• **To do**
Please quote exactly the lines below from the line containing "using that by (simp add: field_simps)" to the line containing "from divide_right_mono[OF this", both lines included, and nothing else.

Stored dataset items:
_____

(* Let $D\subset\mathbb N^n$ be a finite set not contained in any coordinate hyperplane of $\mathbb R^n$, $p$ a prime, and $I\subset\{1,\dots,n\}$ with $\#I=k$. Then $\delta_p(D)\le\delta_p(D_I)+n-k$.
   Context: $D_I=\{\mathbf d\in D:d_j=0\text{ for }j\notin I\}$, regarded as a subset of $\mathbb N^I$. For a finite $D'\subset\mathbb N^{n'}$: if $D'$ is contained in a coordinate hyperplane, $\delta_p(D')=\infty$; otherwise $\delta_p(D')=\frac1{p-1}\min_{r\ge1}\frac{s_{D',p}(r)}r$, where $s_{D',p}(r)$ is the minimum of $\sum_{\mathbf d}s_p(u_{\mathbf d})$ over $U=(u_{\mathbf d})\in\{0,\dots,p^r-1\}^{D'}$ with $\sum u_{\mathbf d}\mathbf d\equiv0\pmod{p^r-1}$ and all coordinates of $\sum u_{\mathbf d}\mathbf d$ positive, and $s_p$ is the base-$p$ digit sum (the minimum over $r$ exists). *)

theory Defs
  imports Complex_Main "HOL-Library.Extended_Real" "HOL-Computational_Algebra.Primes"
begin

function digit_sum :: "nat \<Rightarrow> nat \<Rightarrow> nat" where
  "digit_sum p m = (if p \<le> 1 \<or> m = 0 then 0 else m mod p + digit_sum p (m div p))"
  by auto
termination
  by (relation "measure (\<lambda>(p, m). m)") auto

text \<open>Vectors in N^J (J a finite index set) are functions nat => nat vanishing outside J.
  D' is contained in a coordinate hyperplane of R^J iff some coordinate j in J vanishes on all of D'.\<close>
definition in_coord_hyperplane :: "nat set \<Rightarrow> (nat \<Rightarrow> nat) set \<Rightarrow> bool" where
  "in_coord_hyperplane J D' \<longleftrightarrow> (\<exists>j\<in>J. \<forall>d\<in>D'. d j = 0)"

definition s_Dp :: "nat \<Rightarrow> nat set \<Rightarrow> (nat \<Rightarrow> nat) set \<Rightarrow> nat \<Rightarrow> nat" where
  "s_Dp p J D' r = Min {(\<Sum>d\<in>D'. digit_sum p (u d)) | u.
      (\<forall>d\<in>D'. u d < p ^ r) \<and>
      (\<forall>j\<in>J. (\<Sum>d\<in>D'. u d * d j) mod (p ^ r - 1) = 0) \<and>
      (\<forall>j\<in>J. (\<Sum>d\<in>D'. u d * d j) > 0)}"

definition delta_p :: "nat \<Rightarrow> nat set \<Rightarrow> (nat \<Rightarrow> nat) set \<Rightarrow> ereal" where
  "delta_p p J D' = (if in_coord_hyperplane J D' then \<infinity>
     else ereal ((1 / (real p - 1)) * (INF r\<in>{1::nat..}. real (s_Dp p J D' r) / real r)))"

definition restrict_D :: "(nat \<Rightarrow> nat) set \<Rightarrow> nat set \<Rightarrow> (nat \<Rightarrow> nat) set" where
  "restrict_D D I = {d \<in> D. \<forall>j. j \<notin> I \<longrightarrow> d j = 0}"

end

theory Submission
  imports Defs
begin

text \<open>Given an optimal weight vector for \<open>D\<^sub>I\<close>, put the weight \<open>p\<^sup>r - 1\<close> (digit sum \<open>r(p - 1)\<close>)
  on one vector \<open>e\<^sub>j \<in> D\<close> with \<open>e\<^sub>j j > 0\<close> for every coordinate \<open>j \<notin> I\<close>. These vectors lie outside
  \<open>D\<^sub>I\<close>, their contributions are divisible by \<open>p\<^sup>r - 1\<close>, and they make the missing coordinates
  positive; the vectors of \<open>D\<^sub>I\<close> contribute nothing to those coordinates. Hence
  \<open>s\<^sub>D(r) \<le> s\<^sub>D\<^sub>I(r) + (n - k) r (p - 1)\<close>, and dividing by \<open>r(p - 1)\<close> and taking infima gives the claim.\<close>

declare digit_sum.simps[simp del]

lemma digit_sum_0 [simp]: "digit_sum p 0 = 0"
  by (simp add: digit_sum.simps)

lemma digit_sum_le: "digit_sum p m \<le> m"
proof (induction p m rule: digit_sum.induct)
  case (1 p m)
  show ?case
  proof (cases "p \<le> 1 \<or> m = 0")
    case True
    then show ?thesis by (simp add: digit_sum.simps)
  next
    case False
    then have "digit_sum p m = m mod p + digit_sum p (m div p)"
      by (simp add: digit_sum.simps)
    also have "\<dots> \<le> m mod p + m div p"
      using 1 False by simp
    also have "\<dots> \<le> m mod p + m div p * p"
      using False by (intro add_left_mono) simp
    also have "\<dots> = m"
      by (rule mod_div_mult_eq)
    finally show ?thesis .
  qed
qed

lemma digit_sum_power_minus_1:
  assumes "p \<ge> 2"
  shows "digit_sum p (p ^ r - 1) = r * (p - 1)"
proof (induction r)
  case 0
  then show ?case by simp
next
  case (Suc r)
  have split: "p ^ Suc r - 1 = (p - 1) + p * (p ^ r - 1)"
    using assms by (simp add: algebra_simps diff_mult_distrib2)
  have "(p ^ Suc r - 1) mod p = p - 1"
    using assms unfolding split mod_mult_self2 by simp
  moreover have "(p ^ Suc r - 1) div p = p ^ r - 1 + (p - 1) div p"
    unfolding split using assms by (intro div_mult_self2) simp
  moreover have "p ^ Suc r - 1 \<noteq> 0"
    using assms one_less_power[of p "Suc r"] by simp
  ultimately have "digit_sum p (p ^ Suc r - 1) = (p - 1) + digit_sum p (p ^ r - 1)"
    using assms by (subst digit_sum.simps) simp
  then show ?case
    using Suc by simp
qed

definition admissible_weights ::
    "nat \<Rightarrow> nat set \<Rightarrow> (nat \<Rightarrow> nat) set \<Rightarrow> nat \<Rightarrow> ((nat \<Rightarrow> nat) \<Rightarrow> nat) set" where
  "admissible_weights p J D' r = {u.
      (\<forall>d\<in>D'. u d < p ^ r) \<and>
      (\<forall>j\<in>J. (\<Sum>d\<in>D'. u d * d j) mod (p ^ r - 1) = 0) \<and>
      (\<forall>j\<in>J. (\<Sum>d\<in>D'. u d * d j) > 0)}"

definition weight_digit_sum :: "nat \<Rightarrow> (nat \<Rightarrow> nat) set \<Rightarrow> ((nat \<Rightarrow> nat) \<Rightarrow> nat) \<Rightarrow> nat" where
  "weight_digit_sum p D' u = (\<Sum>d\<in>D'. digit_sum p (u d))"

lemma s_Dp_eq_Min:
  "s_Dp p J D' r = Min (weight_digit_sum p D' ` admissible_weights p J D' r)"
  unfolding s_Dp_def admissible_weights_def weight_digit_sum_def
  by (simp only: setcompr_eq_image Collect_conj_eq)

lemma finite_weight_digit_sums:
  assumes "finite D'"
  shows "finite (weight_digit_sum p D' ` admissible_weights p J D' r)"
proof (rule finite_subset)
  show "weight_digit_sum p D' ` admissible_weights p J D' r \<subseteq> {..card D' * p ^ r}"
  proof (rule image_subsetI)
    fix u assume "u \<in> admissible_weights p J D' r"
    then have "digit_sum p (u d) \<le> p ^ r" if "d \<in> D'" for d
      using that digit_sum_le[of p "u d"] by (auto simp: admissible_weights_def)
    then have "(\<Sum>d\<in>D'. digit_sum p (u d)) \<le> (\<Sum>d\<in>D'. p ^ r)"
      by (rule sum_mono)
    then show "weight_digit_sum p D' u \<in> {..card D' * p ^ r}"
      by (simp add: weight_digit_sum_def)
  qed
qed simp

lemma s_Dp_le:
  assumes "finite D'" "u \<in> admissible_weights p J D' r"
  shows "s_Dp p J D' r \<le> weight_digit_sum p D' u"
  unfolding s_Dp_eq_Min using assms by (intro Min_le finite_weight_digit_sums) auto

lemma admissible_weights_nonempty:
  assumes "finite D'" "\<not> in_coord_hyperplane J D'" "p \<ge> 2" "r \<ge> 1"
  shows "admissible_weights p J D' r \<noteq> {}"
proof -
  have pr: "p ^ r > 1"
    using assms by (intro one_less_power) auto
  have "(\<Sum>d\<in>D'. d j) > 0" if "j \<in> J" for j
  proof -
    obtain d0 where "d0 \<in> D'" "d0 j > 0"
      using assms(2) \<open>j \<in> J\<close> unfolding in_coord_hyperplane_def by auto
    then show ?thesis
      using assms(1) member_le_sum[of d0 D' "\<lambda>d. d j"] by linarith
  qed
  moreover have "p ^ r - 1 < p ^ r"
    using pr by simp
  ultimately have "(\<lambda>_. p ^ r - 1) \<in> admissible_weights p J D' r"
    using pr by (simp add: admissible_weights_def sum_distrib_left[symmetric])
  then show ?thesis
    by blast
qed

lemma s_Dp_attained:
  assumes "finite D'" "\<not> in_coord_hyperplane J D'" "p \<ge> 2" "r \<ge> 1"
  obtains u where "u \<in> admissible_weights p J D' r" "weight_digit_sum p D' u = s_Dp p J D' r"
  using Min_in[OF finite_weight_digit_sums[OF assms(1)]] admissible_weights_nonempty[OF assms]
  unfolding s_Dp_eq_Min by (metis (no_types, lifting) image_iff image_is_empty)

lemma sum_piecewise_disjoint:
  fixes a b :: "'a \<Rightarrow> 'b::comm_monoid_add"
  assumes "finite D" "E \<subseteq> D" "F \<subseteq> D" "E \<inter> F = {}"
  shows "(\<Sum>d\<in>D. if d \<in> E then a d else if d \<in> F then b d else 0) = sum a E + sum b F"
proof -
  have "(\<Sum>d\<in>D. if d \<in> E then a d else if d \<in> F then b d else 0)
      = (\<Sum>d\<in>E \<union> F. if d \<in> E then a d else if d \<in> F then b d else 0)"
    using assms by (intro sum.mono_neutral_right) auto
  also have "\<dots> = sum a E + (\<Sum>d\<in>F. if d \<in> E then a d else if d \<in> F then b d else 0)"
    using assms by (subst sum.union_disjoint) (auto dest: finite_subset)
  also have "(\<Sum>d\<in>F. if d \<in> E then a d else if d \<in> F then b d else 0) = sum b F"
    using assms(4) by (intro sum.cong) auto
  finally show ?thesis .
qed

lemma coordinate_witnesses_outside_restrict_D:
  assumes "finite J" "\<not> in_coord_hyperplane J D"
  obtains E where "E \<subseteq> D" "card E \<le> card (J - I)" "E \<inter> restrict_D D I = {}"
    "\<And>j. j \<in> J - I \<Longrightarrow> \<exists>e\<in>E. e j > 0"
proof -
  obtain e where e: "\<And>j. j \<in> J - I \<Longrightarrow> e j \<in> D \<and> e j j > 0"
    using assms(2) unfolding in_coord_hyperplane_def by (metis DiffD1 neq0_conv)
  have "e ` (J - I) \<inter> restrict_D D I = {}"
    using e by (fastforce simp: restrict_D_def)
  moreover have "card (e ` (J - I)) \<le> card (J - I)"
    using assms(1) by (intro card_image_le) simp
  ultimately show ?thesis
    using e by (intro that[of "e ` (J - I)"]) auto
qed

lemma s_Dp_le_restrict_D:
  assumes fD: "finite D" and fJ: "finite J" and p2: "p \<ge> 2" and r1: "r \<ge> 1"
    and nh: "\<not> in_coord_hyperplane J D"
    and nhI: "\<not> in_coord_hyperplane I (restrict_D D I)"
  shows "s_Dp p J D r \<le> s_Dp p I (restrict_D D I) r + card (J - I) * (r * (p - 1))"
proof -
  define DI where "DI = restrict_D D I"
  have DI_sub: "DI \<subseteq> D" and fDI: "finite DI"
    using fD by (auto simp: DI_def restrict_D_def)
  have pr: "p ^ r > 1"
    using p2 r1 by (intro one_less_power) auto
  obtain u where u: "u \<in> admissible_weights p I DI r"
    and u_opt: "weight_digit_sum p DI u = s_Dp p I DI r"
    using s_Dp_attained[OF fDI nhI[folded DI_def] p2 r1] .
  obtain E where E_sub: "E \<subseteq> D" and card_E: "card E \<le> card (J - I)"
    and disj: "E \<inter> DI = {}" and E_pos: "\<And>j. j \<in> J - I \<Longrightarrow> \<exists>e\<in>E. e j > 0"
    using coordinate_witnesses_outside_restrict_D[OF fJ nh, of I] unfolding DI_def by blast
  have fE: "finite E"
    using E_sub fD finite_subset by blast
  define u' where "u' d = (if d \<in> E then p ^ r - 1 else if d \<in> DI then u d else 0)" for d
  have sum_u': "(\<Sum>d\<in>D. u' d * d j) = (p ^ r - 1) * (\<Sum>d\<in>E. d j) + (\<Sum>d\<in>DI. u d * d j)" for j
  proof -
    have "(\<Sum>d\<in>D. u' d * d j)
        = (\<Sum>d\<in>D. if d \<in> E then (p ^ r - 1) * d j else if d \<in> DI then u d * d j else 0)"
      by (intro sum.cong) (simp_all add: u'_def)
    then show ?thesis
      by (simp add: sum_piecewise_disjoint[OF fD E_sub DI_sub disj] sum_distrib_left)
  qed
  have DI_vanish: "(\<Sum>d\<in>DI. u d * d j) = 0" if "j \<notin> I" for j
    using that by (simp add: DI_def restrict_D_def)
  have E_sum_pos: "(\<Sum>d\<in>E. d j) > 0" if j: "j \<in> J - I" for j
  proof -
    obtain e where "e \<in> E" "e j > 0"
      using E_pos[OF j] by blast
    then show ?thesis
      using fE member_le_sum[of e E "\<lambda>d. d j"] by linarith
  qed
  have "u' d < p ^ r" if "d \<in> D" for d
    using u pr p2 that by (auto simp: u'_def admissible_weights_def)
  moreover have "(\<Sum>d\<in>D. u' d * d j) mod (p ^ r - 1) = 0" if "j \<in> J" for j
    using u by (cases "j \<in> I") (simp_all add: sum_u' DI_vanish admissible_weights_def)
  moreover have "(\<Sum>d\<in>D. u' d * d j) > 0" if "j \<in> J" for j
    using u that pr by (cases "j \<in> I") (auto simp: sum_u' E_sum_pos admissible_weights_def)
  ultimately have "u' \<in> admissible_weights p J D r"
    by (simp add: admissible_weights_def)
  then have "s_Dp p J D r \<le> weight_digit_sum p D u'"
    by (rule s_Dp_le[OF fD])
  also have "weight_digit_sum p D u'
      = (\<Sum>d\<in>D. if d \<in> E then r * (p - 1) else if d \<in> DI then digit_sum p (u d) else 0)"
    unfolding weight_digit_sum_def
    using digit_sum_power_minus_1[OF p2, of r] by (intro sum.cong) (simp_all add: u'_def)
  also have "\<dots> = card E * (r * (p - 1)) + weight_digit_sum p DI u"
    by (simp add: sum_piecewise_disjoint[OF fD E_sub DI_sub disj] weight_digit_sum_def)
  also have "\<dots> \<le> s_Dp p I DI r + card (J - I) * (r * (p - 1))"
    using card_E u_opt by simp
  finally show ?thesis
    unfolding DI_def .
qed

lemma cINF_le_cINF_add:
  fixes f g :: "'a \<Rightarrow> real"
  assumes "A \<noteq> {}" "bdd_below (f ` A)" "\<And>x. x \<in> A \<Longrightarrow> f x \<le> g x + c"
  shows "(INF x\<in>A. f x) \<le> (INF x\<in>A. g x) + c"
proof -
  have "(INF x\<in>A. f x) - c \<le> g x" if "x \<in> A" for x
    using cINF_lower[OF assms(2) that] assms(3)[OF that] by linarith
  then have "(INF x\<in>A. f x) - c \<le> (INF x\<in>A. g x)"
    using assms(1) by (intro cINF_greatest) auto
  then show ?thesis
    by linarith
qed

lemma delta_p_le_restrict_D:
  assumes "finite D" "finite J" "\<not> in_coord_hyperplane J D" "p \<ge> 2"
  shows "delta_p p J D \<le> delta_p p I (restrict_D D I) + ereal (real (card (J - I)))"
proof (cases "in_coord_hyperplane I (restrict_D D I)")
  case True
  then show ?thesis
    by (simp add: delta_p_def)
next
  case False
  define c where "c = real (card (J - I)) * (real p - 1)"
  have q: "real p - 1 > 0"
    using assms(4) by simp
  have "real (s_Dp p J D r) / real r \<le> real (s_Dp p I (restrict_D D I) r) / real r + c"
    if "r \<in> {1..}" for r :: nat
  proof -
    have "s_Dp p J D r \<le> s_Dp p I (restrict_D D I) r + card (J - I) * (r * (p - 1))"
      using s_Dp_le_restrict_D[OF assms(1,2,4) _ assms(3) False, of r] that by simp
    then have "real (s_Dp p J D r)
        \<le> real (s_Dp p I (restrict_D D I) r) + real (card (J - I) * (r * (p - 1)))"
      unfolding of_nat_add[symmetric] of_nat_le_iff .
    also have "real (card (J - I) * (r * (p - 1))) = c * real r"
      using assms(4) by (simp add: c_def of_nat_diff)
    finally have "real (s_Dp p J D r) \<le> real (s_Dp p I (restrict_D D I) r) + c * real r" .
    then show ?thesis
      using that by (simp add: field_simps)
  qed
  then have "(INF r\<in>{1::nat..}. real (s_Dp p J D r) / real r)
      \<le> (INF r\<in>{1::nat..}. real (s_Dp p I (restrict_D D I) r) / real r) + c"
    by (intro cINF_le_cINF_add bdd_belowI2[of _ 0]) auto
  from divide_right_mono[OF this less_imp_le[OF q]]
  have "1 / (real p - 1) * (INF r\<in>{1::nat..}. real (s_Dp p J D r) / real r)
      \<le> 1 / (real p - 1) * (INF r\<in>{1::nat..}. real (s_Dp p I (restrict_D D I) r) / real r)
        + real (card (J - I))"
    using q by (simp add: c_def add_divide_distrib)
  then show ?thesis
    using False assms(3) by (simp add: delta_p_def)
qed

theorem lemma2p6:
  fixes n k p :: nat and D :: "(nat \<Rightarrow> nat) set" and I :: "nat set"
  assumes "finite D"
    and "\<forall>d\<in>D. \<forall>j. j \<notin> {1..n} \<longrightarrow> d j = 0"
    and "\<not> in_coord_hyperplane {1..n} D"
    and "prime p"
    and "I \<subseteq> {1..n}" and "card I = k"
  shows "delta_p p {1..n} D \<le> delta_p p I (restrict_D D I) + ereal (real n - real k)"
proof -
  have "card ({1..n} - I) = n - k" and "k \<le> n"
    using assms(5,6) card_mono[OF _ assms(5)] by (auto simp: card_Diff_subset finite_subset)
  then have "real (card ({1..n} - I)) = real n - real k"
    by simp
  then show ?thesis
    using delta_p_le_restrict_D[OF assms(1) _ assms(3) prime_ge_2_nat[OF assms(4)], of I] by simp
qed

end
lemma exp_val_eq_prod:
  fixes \<epsilon> :: real
  assumes "finite \<Phi>"
  shows "exp (\<epsilon> * val \<Phi> x) = (\<Prod>l\<in>\<Phi>. exp (\<epsilon> * of_bool (satisfies x l)))"
  unfolding val_sum[OF assms] sum_distrib_left using assms by (rule exp_sum)

lemma sum_exp_val_ge:
  fixes \<epsilon> :: real
  assumes inst: "kxor_instance k n \<Phi>" and "0 \<le> \<epsilon>"
  shows "card (assignments n) * ((exp \<epsilon> + 1) / 2) ^ OPT n \<Phi>
           \<le> (\<Sum>x\<in>assignments n. exp (\<epsilon> * val \<Phi> x))"
proof -
  let ?A = "assignments n" and ?m = "assignment_mult n"
  define a where "a = (exp \<epsilon> + 1) / 2"
  define d where "d = (exp \<epsilon> - 1) / 2"
  have fin: "finite \<Phi>" and scope: "\<And>l. l \<in> \<Phi> \<Longrightarrow> fst l \<subseteq> {..<n} \<and> snd l \<in> {-1, 1}"
    using inst unfolding kxor_instance_def by auto
  have "OPT n \<Phi> \<in> val \<Phi> ` ?A"
    unfolding OPT_def using finite_assignments assignments_nonempty by (intro Max_in) auto
  then obtain xs where xs: "xs \<in> ?A" and opt: "val \<Phi> xs = OPT n \<Phi>" by auto
  define G where "G = {l\<in>\<Phi>. satisfies xs l}"
  have G: "G \<subseteq> \<Phi>" "finite G" "card G = OPT n \<Phi>"
    using fin opt unfolding G_def val_def by auto
  \<comment> \<open>Shifting by the optimal \<open>xs\<close> makes the factor of each constraint satisfied by \<open>xs\<close>
    affine in a character.\<close>
  have factor: "exp (\<epsilon> * of_bool (satisfies x l)) = a + d * of_int (parity (?m x xs) (fst l))"
    if x: "x \<in> ?A" and l: "l \<in> G" for x l
  proof -
    have "l \<in> \<Phi>" "satisfies xs l" using l unfolding G_def by auto
    have "parity (?m x xs) (fst l) \<in> {-1, 1}"
      using parity_sign[OF assignment_mult_in_assignments[OF x xs]] scope[OF \<open>l \<in> \<Phi>\<close>] by auto
    moreover have "satisfies x l \<longleftrightarrow> parity (?m x xs) (fst l) = 1"
      using satisfies_iff_parity_mult[OF x xs] scope[OF \<open>l \<in> \<Phi>\<close>] \<open>satisfies xs l\<close> by auto
    ultimately show ?thesis unfolding a_def d_def by (auto simp: field_simps)
  qed
  have "real (card ?A) * a ^ card G \<le> (\<Sum>y\<in>?A. \<Prod>l\<in>G. a + d * of_int (parity y (fst l)))"
  proof (rule sum_prod_affine_multiplicative_ge[where m = ?m])
    show "0 \<le> a" "0 \<le> d" using \<open>0 \<le> \<epsilon>\<close> by (simp_all add: a_def d_def)
    fix l y z assume "l \<in> G"
    then have "fst l \<subseteq> {..<n}" using G(1) scope by blast
    then show "real_of_int (parity (?m y z) (fst l)) = of_int (parity y (fst l)) * of_int (parity z (fst l))"
      by (simp add: parity_assignment_mult)
  qed (use G(2) finite_assignments bij_betw_assignment_mult in auto)
  also have "\<dots> = (\<Sum>x\<in>?A. \<Prod>l\<in>G. a + d * of_int (parity (?m x xs) (fst l)))"
    using bij_betw_assignment_mult[OF xs] by (rule sum.reindex_bij_betw[symmetric])
  also have "\<dots> = (\<Sum>x\<in>?A. exp (\<epsilon> * val G x))"
    using G(2) factor by (simp add: exp_val_eq_prod)
  also have "\<dots> \<le> (\<Sum>x\<in>?A. exp (\<epsilon> * val \<Phi> x))"
    using fin G(1) val_mono \<open>0 \<le> \<epsilon>\<close> by (intro sum_mono) (simp add: mult_left_mono)
  finally show ?thesis unfolding a_def G(3) .
qed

_____

• **Solved exercise**
      using that by (simp add: field_simps)
  qed
  then have "(INF r\<in>{1::nat..}. real (s_Dp p J D r) / real r)
      \<le> (INF r\<in>{1::nat..}. real (s_Dp p I (restrict_D D I) r) / real r) + c"
    by (intro cINF_le_cINF_add bdd_belowI2[of _ 0]) auto
  from divide_right_mono[OF this less_imp_le[OF q]]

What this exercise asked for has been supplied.